ARTS Week2

Background: ARTS activity

Algorithm

406. Queue Reconstruction by Height

Input: [[7,0], [4,4], [7,1], [5,0], [6,1], [5,2]]

Output: [[5,0], [7,0], [5,2], [6,1], [4,4], [7,1]]

Intuition solution:

The second number of the tuple represents the # of people in front of the current person. [5, 0] is the first person because he is the one with smallest height among those there is no one taller than him. Next is [7, 0] since [5, 0] is not taller than him. This gives me the key to tackle this problem: iterate the input, find the right person and put him into the queue. In each iteration, find the one with smallest height among those with correct number of taller people in front.

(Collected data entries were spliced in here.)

definition selection_point :: "'n set set \<Rightarrow> ('n set \<Rightarrow> 'n) \<Rightarrow> real^'n" where
  "selection_point B G = (\<Sum>I\<in>B. axis (G I) 1)"

lemma nestohedron_eq_set_sum:
  "nestohedron B = (\<Sum>I\<in>B. convex hull ((\<lambda>i. axis i 1) ` I))"
  by (subst set_sum_alt) (auto simp: nestohedron_def)

lemma polytope_nestohedron: "polytope (nestohedron B)"
proof -
  have "nestohedron B = convex hull (\<Sum>I\<in>B. (\<lambda>i. axis i 1) ` I)"
    by (simp add: nestohedron_eq_set_sum convex_hull_set_sum)
  moreover have "finite (\<Sum>I\<in>B. (\<lambda>i. axis i (1::real)) ` I)"
    by (intro finite_set_sum) auto
  ultimately show ?thesis unfolding polytope_def by blast
qed

lemma selection_point_in_nestohedron:
  "\<forall>I\<in>B. G I \<in> I \<Longrightarrow> selection_point B G \<in> nestohedron B"
  unfolding nestohedron_def selection_point_def
  by (rule CollectI, rule exI[of _ "\<lambda>I. axis (G I) 1"]) (auto intro: hull_inc)

lemma inner_selection_point: "w \<bullet> selection_point B G = (\<Sum>I\<in>B. w $ G I)"
  by (simp add: selection_point_def inner_sum_right inner_axis)

lemma unique_maximizer_selection_point:
  assumes sel: "selects_strict_max B w G"
  shows "unique_maximizer (nestohedron B) w (selection_point B G)"
  unfolding unique_maximizer_def
proof (intro conjI ballI impI)
  show "selection_point B G \<in> nestohedron B"
    using sel by (intro selection_point_in_nestohedron) (simp add: selects_strict_max_def)
  fix x assume "x \<in> nestohedron B" and ne: "x \<noteq> selection_point B G"
  then obtain p where p: "\<forall>I\<in>B. p I \<in> convex hull ((\<lambda>i. axis i 1) ` I)" and x: "x = (\<Sum>I\<in>B. p I)"
    unfolding nestohedron_def by blast
  have le: "w \<bullet> p I \<le> w $ G I" if "I \<in> B" for I
  proof (rule inner_convex_hull_axis_le)
    show "p I \<in> convex hull ((\<lambda>i. axis i 1) ` I)" using p that by blast
    show "\<forall>i\<in>I. w $ i \<le> w $ G I"
      using sel that unfolding selects_strict_max_def by (metis order_le_less)
  qed
  have "x = selection_point B G" if "\<forall>I\<in>B. p I = axis (G I) 1"
    unfolding x selection_point_def using that by (intro sum.cong) auto
  then obtain I where I: "I \<in> B" "p I \<noteq> axis (G I) 1"
    using ne by blast
  have "\<not> w $ G I \<le> w \<bullet> p I"
    using convex_hull_axis_max_unique[of "p I" I "G I" w] sel p I
    unfolding selects_strict_max_def by auto
  then have "w \<bullet> p I < w $ G I" by simp
  then have "(\<Sum>I\<in>B. w \<bullet> p I) < (\<Sum>I\<in>B. w $ G I)"
    using le I(1) by (intro sum_strict_mono_ex1[OF finite]) blast+
  then show "w \<bullet> x < w \<bullet> selection_point B G"
    by (simp add: x inner_sum_right inner_selection_point)
qed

Since the height is the key, then arrange the people according to their height.

Height	Person
4	[4, 4]
5	[5, 0]
6	[6, 1]
7	[7, 0], [7, 1]

Pick [5, 0] and put it into the queue. Then there is one more person in front of [4, 4]. Therefore, the number of taller persons in the queue is needed to be remember for each height category and being updated in each iteration.

# intuition solution
class Solution(object):
    def reconstructQueue(self, people):
        """
        :type people: List[List[int]]
        :rtype: List[List[int]]
        """
        # rearrange the people by height
        hlists = collections.defaultdict(list)
        for i, p in enumerate(people):
            height, num = p
            hlists[height].append([num, i])
        for h in hlists:
            hlists[h].sort()
        # number of taller people in front of people with particular height
        hcounts = collections.defaultdict(int) 

        rst = []
        l = len(people)
        while len(rst) < l:
            cur_h = 1000000
            target = -1
            # iterate people with different height and find the one with least height and right
            # number of taller people in the front
            for h in hlists:
                num, index = hlists[h][0]
                if num == hcounts[h] and h < cur_h:
                    cur_h = h
                    target = index
            hlists[cur_h].pop(0)
            if not hlists[cur_h]:
                del(hlists[cur_h])
                del(hcounts[cur_h])
            rst.append(people[target])
            # update the number of taller people in the front for each height category
            for h in hlists:
                if h <= cur_h:
                    hcounts[h] += 1
        return rst

However, this solution uses O(N^2) time complexity due to the update of the counts. There are some observations from the example input:

1. the relative position for people with the same height is not affected by other people in the queue, only affected by the second value of the tuple.
2. The position of taller person is not affected by those who are shorter.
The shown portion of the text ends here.